Saunders’s departure from abuse commission helps resolve body’s identity crisis

Peter Saunders, a British advocate for survivors, talks during an interview with the Associated Press in Rome, Saturday, Feb. 6, 2016. Pope Francis’ sex abuse advisory committee voted Saturday to temporarily sideline one of its members, a high-profile abuse survivor who had clashed with the commission over its mandate and mission. During a meeting of the commission Saturday, "it was decided that Mr. Peter Saunders would take a leave of absence from his membership to consider how he might best support the commission's work," the Vatican said in a statement. (AP Photo/Gregorio Borgia)

[Austen Ivereigh in Bogotá] The Vatican’s announcement yesterday that a British abuse survivor and activist will be leaving Pope Francis’s child protection commission is, of course, sad news. But it was also inevitable, the fruit of tensions over the commission’s identity that have been present within it since its inception.

According to a brief Vatican statement, the 17 expert members of the Pontifical Commission for the Protection of Minors took a unanimous decision (with one abstention) that that Peter Saunders should take a “leave of absence”.

Saunders was invited to join the body in December 2014 after meeting Pope Francis earlier that year (see CV Comment here).The Commission, which meets twice a year in Rome, includes psychiatrists and therapists and experts of various kinds, and is presided by Cardinal Sean O’Malley, the Archbishop of Boston.

Its brief, which was never well defined at first, is to assist the Vatican in developing guidelines and policies for tackling abuse in the worldwide Church, helping to translate best practices developed by the Church in Europe and the US to the developing world.

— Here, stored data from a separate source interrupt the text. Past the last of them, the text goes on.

lemma rdeg_cls_fadd_order_ge:
  assumes m: "m \<in> fa_set" "homogeneous t m" "m \<notin> ideal q"
    and e: "e \<in> fa_set" "order_ge (t + 1) e"
  shows "rdeg q (cls q (fadd m e)) = t \<longleftrightarrow> e \<in> ideal q"
proof
  assume "e \<in> ideal q"
  then have "cls q (fadd m e) = cls q m"
    using cls_eq_iff[OF fadd_in_fa_set[OF m(1) e(1)] m(1)] by (simp add: fdiff_def fadd_def)
  then show "rdeg q (cls q (fadd m e)) = t" using rdeg_cls_homogeneous[OF m] by simp
next
  assume deg: "rdeg q (cls q (fadd m e)) = t"
  show "e \<in> ideal q"
  proof (rule ccontr)
    assume "e \<notin> ideal q"
    then obtain d where d: "t + 1 \<le> d" "hpart d e \<notin> ideal q"
      using exists_hpart_notin_ideal e(1,2) by blast
    then have "hpart d (fadd m e) = hpart d e"
      using m(2) by (auto simp: hpart_def homogeneous_def fadd_def fun_eq_iff)
    then have "d \<le> rdeg q (cls q (fadd m e))"
      using le_rdeg_cls[OF fadd_in_fa_set[OF m(1) e(1)]] d by simp
    with deg d show False by simp
  qed
qed

lemma Rge_eq: "Rge q d = cls q ` {f \<in> fa_set. order_ge d f}"
  by (simp add: Rge_def order_ge_def)


section \<open>Automorphisms that are the identity modulo higher order\<close>

definition fixed_upto :: "'k::field \<Rightarrow> ('k fa set \<Rightarrow> 'k fa set) \<Rightarrow> nat \<Rightarrow> 'k fa \<Rightarrow> bool" where
  "fixed_upto q \<sigma> d f \<longleftrightarrow> (\<exists>e\<in>fa_set. order_ge d e \<and> \<sigma> (cls q f) = cls q (fadd f e))"

lemma fixed_upto_iff_rsub_in_Rge:
  assumes f: "f \<in> fa_set" and \<sigma>f: "\<sigma> (cls q f) \<in> Rcar q"
  shows "fixed_upto q \<sigma> d f \<longleftrightarrow> rsub q (\<sigma> (cls q f)) (cls q f) \<in> Rge q d"
proof
  assume "fixed_upto q \<sigma> d f"
  then obtain e where e: "e \<in> fa_set" "order_ge d e" "\<sigma> (cls q f) = cls q (fadd f e)"
    by (auto simp: fixed_upto_def)
  have "rsub q (\<sigma> (cls q f)) (cls q f) = cls q (fdiff (fadd f e) f)"
    using e f by (simp add: rsub_cls fadd_in_fa_set)
  also have "fdiff (fadd f e) f = e" by (simp add: fdiff_def fadd_def fun_eq_iff)
  finally show "rsub q (\<sigma> (cls q f)) (cls q f) \<in> Rge q d" using e by (simp add: Rge_eq)
next
  assume "rsub q (\<sigma> (cls q f)) (cls q f) \<in> Rge q d"
  then obtain e where e: "e \<in> fa_set" "order_ge d e" "rsub q (\<sigma> (cls q f)) (cls q f) = cls q e"
    by (auto simp: Rge_eq)
  obtain g where g: "g \<in> fa_set" "\<sigma> (cls q f) = cls q g" using \<sigma>f by (auto simp: Rcar_def)
  have "cls q (fdiff g f) = cls q e" using e g f by (simp add: rsub_cls)
  then have "fdiff (fdiff g f) e \<in> ideal q" using cls_eq_iff e(1) fdiff_in_fa_set[OF g(1) f] by blast
  moreover have "fdiff (fdiff g f) e = fdiff g (fadd f e)" by (simp add: fdiff_def fadd_def fun_eq_iff)
  ultimately have "\<sigma> (cls q f) = cls q (fadd f e)"
    using g cls_eq_iff[OF g(1) fadd_in_fa_set[OF f e(1)]] by simp
  with e show "fixed_upto q \<sigma> d f" by (auto simp: fixed_upto_def)
qed

context
  fixes q :: "'k::field" and \<sigma> :: "'k fa set \<Rightarrow> 'k fa set"
  assumes aut: "alg_aut q \<sigma>"
begin

lemma aut_in_Rcar: "X \<in> Rcar q \<Longrightarrow> \<sigma> X \<in> Rcar q"
  using aut unfolding alg_aut_def by (meson bij_betw_apply)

It is not a platform for survivor groups to campaign against the Church, but a policy-making body to assist the Pope.

Saunders, however, soon began exploiting his high-profile role to campaign for action to be taken on specific cases, notoriously accusing Cardinal George Pell, who heads the Vatican’s Secretariat for the Economy, of being a sociopath (See CV Comment here), and recently telling The Times that unless Pope Francis sacked a bishop in Chile accused of complicity in abuse, the Commission would be a “laughing stock”. (For background on the Chilean bishop, see my article for National Catholic Reporter here).

Yet the Commission has repeatedly made clear — and explicitly in June last year (see CV Comment here) that commission members should not publicly comment on individual cases, an agreed position that Saunders continually ignored. The result was that the Commission had great difficulty in being known for anything other than Saunders’s remarks.

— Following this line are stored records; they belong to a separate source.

lemma computable_pow2_1: "computable f 1 (\<lambda>xs. 2 ^ (xs ! 0))"
proof -
  have eq: "rec_nat (Suc 0) (\<lambda>_ r. r * 2) n = (2::nat) ^ n" for n :: nat by (induction n) auto
  have "computable f (Suc 0) (\<lambda>xs. 2 ^ (xs ! 0))"
    by (rule computable_rec_nat[where B="\<lambda>ys. 1" and S="\<lambda>zs. zs ! 1 * 2"]; (intro computable_intros)?; simp add: eq)
  then show ?thesis by simp
qed

lemma computable_pow2[computable_intros]:
  "computable f k A \<Longrightarrow> computable f k (\<lambda>xs. 2 ^ (A xs))"
  using computable_comp1[OF computable_pow2_1, of f k A] by simp

lemma decidable_dvd[computable_intros]:
  "computable f k A \<Longrightarrow> computable f k B \<Longrightarrow> decidable f k (\<lambda>xs. A xs dvd B xs)"
  by (subst dvd_eq_mod_eq_0) (intro decidable_eq computable_mod computable_const)

lemma decidable_even[computable_intros]:
  "computable f k A \<Longrightarrow> decidable f k (\<lambda>xs. even (A xs))"
  by (intro decidable_dvd computable_const)

text \<open>Inverting the Cantor pairing needs the largest triangular number below its argument.\<close>
definition triangle_root :: "nat \<Rightarrow> nat" where
  "triangle_root k = (LEAST s. k < triangle (Suc s))"

lemma triangle_ge: "n \<le> triangle n"
  by (induction n) auto

lemma triangle_root_props:
  "triangle (triangle_root k) \<le> k \<and> k < triangle (Suc (triangle_root k))"
proof -
  have ex: "k < triangle (Suc k)" using triangle_ge[of "Suc k"] by simp
  have above: "k < triangle (Suc (triangle_root k))" unfolding triangle_root_def by (rule LeastI[where P="\<lambda>s. k < triangle (Suc s)", OF ex])
  have below: "triangle (triangle_root k) \<le> k"
  proof (cases "triangle_root k")
    case 0 then show ?thesis by simp
  next
    case (Suc s)
    then have "s < triangle_root k" by simp
    then have "\<not> k < triangle (Suc s)" unfolding triangle_root_def by (rule not_less_Least)
    then show ?thesis using Suc by simp
  qed
  show ?thesis using above below by simp
qed

lemma prod_decode_triangle_root:
  "prod_decode k = (k - triangle (triangle_root k), triangle_root k - (k - triangle (triangle_root k)))"
proof -
  let ?s = "triangle_root k"
  have bounds: "triangle ?s \<le> k" "k < triangle ?s + Suc ?s" using triangle_root_props[of k] by auto
  have "prod_encode (k - triangle ?s, ?s - (k - triangle ?s)) = k"
    using bounds by (simp add: prod_encode_def)
  then show ?thesis by (metis prod_encode_inverse)
qed

lemma computable_triangle[computable_intros]:
  "computable f k A \<Longrightarrow> computable f k (\<lambda>xs. triangle (A xs))"
  unfolding triangle_def by (intro computable_intros)

lemma computable_triangle_root1: "computable f 1 (\<lambda>xs. triangle_root (xs ! 0))"
proof -
  have "computable f 1 (\<lambda>xs. LEAST s. (\<lambda>ys. ys ! 1 < triangle (Suc (ys ! 0))) (s # xs))"
  proof (rule computable_LEAST)
    show "\<exists>s. (s # xs) ! 1 < triangle (Suc ((s # xs) ! 0))" for xs :: "nat list"
      using triangle_ge[of "Suc (xs ! 0)"] by (intro exI[of _ "xs ! 0"]) simp
  qed (intro computable_intros; simp)
  then show ?thesis unfolding triangle_root_def by simp
qed

lemma computable_triangle_root[computable_intros]:
  "computable f k A \<Longrightarrow> computable f k (\<lambda>xs. triangle_root (A xs))"
  by (rule computable_app[OF computable_triangle_root1])

lemma computable_prod_decode_fst[computable_intros]:
  "computable f k A \<Longrightarrow> computable f k (\<lambda>xs. fst (prod_decode (A xs)))"
  unfolding prod_decode_triangle_root fst_conv by (intro computable_intros)

lemma computable_prod_decode_snd[computable_intros]:
  "computable f k A \<Longrightarrow> computable f k (\<lambda>xs. snd (prod_decode (A xs)))"
  unfolding prod_decode_triangle_root snd_conv by (intro computable_intros)

lemma computable_prod_encode[computable_intros]:
  "computable f k A \<Longrightarrow> computable f k B \<Longrightarrow> computable f k (\<lambda>xs. prod_encode (A xs, B xs))"
  unfolding prod_encode_def prod.case by (intro computable_intros)

lemma turing_red_iff_computable:
  "turing_red g f \<longleftrightarrow> computable f 1 (\<lambda>xs. g (xs ! 0))"
  unfolding turing_red_def computable_def
  by (metis (no_types, lifting) length_Cons list.size(3) One_nat_def nth_Cons_0 length_Suc_conv length_0_conv)

lemma computable_red:
  "turing_red g f \<Longrightarrow> computable f k A \<Longrightarrow> computable f k (\<lambda>xs. g (A xs))"
  unfolding turing_red_iff_computable by (rule computable_app)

Saunders continually expressed frustration to the media at inaction on individual cases. Yet he and the other commission members had direct access to the person tasked with investigating those cases, Fr Robert Oliver, the Promoter of Justice in the Congregation for the Doctrine of the Faith (CDF), who is also the Commission’s secretary. In the two cases he continually raised — Pell and Barros — the accusations he made are denied, and have been (or are again) in the process of being investigated by judicial authorities.

Ultimately, the issue became one of accountability. The Commission is a Vatican body, funded by the Church, which is answerable — as are all Vatican bodies — to the Pope, not to pressure groups or lobbies outside the Church. Yet Saunders saw himself as representing those survivors’ organisations, and appeared in Rome for commission meetings alongside their representatives. Yesterday, for example, he spoke to the press alongside Juan Carlos Cruz, a bitter critic of Bishop Barros.

In contrast, the remaining abuse survivor on the commission, Marie Collins, who unlike Saunders has been on it since it was first set up, has been careful not to exploit her position to campaign on individual cases. (See her interview with NCR).

Yesterday’s statement made clear that there could well be a body set up in the future to represent survivors groups’ views to the Commission. In such a case, the lines of accountability would be clear.

Although it is obviously a blow, Saunders’ departure comes as no surprise to anyone close to the Commission these past months. It frees Saunders to be what he does well — campaigning on behalf of survivors — and frees the Commission to get on with its vital policy work.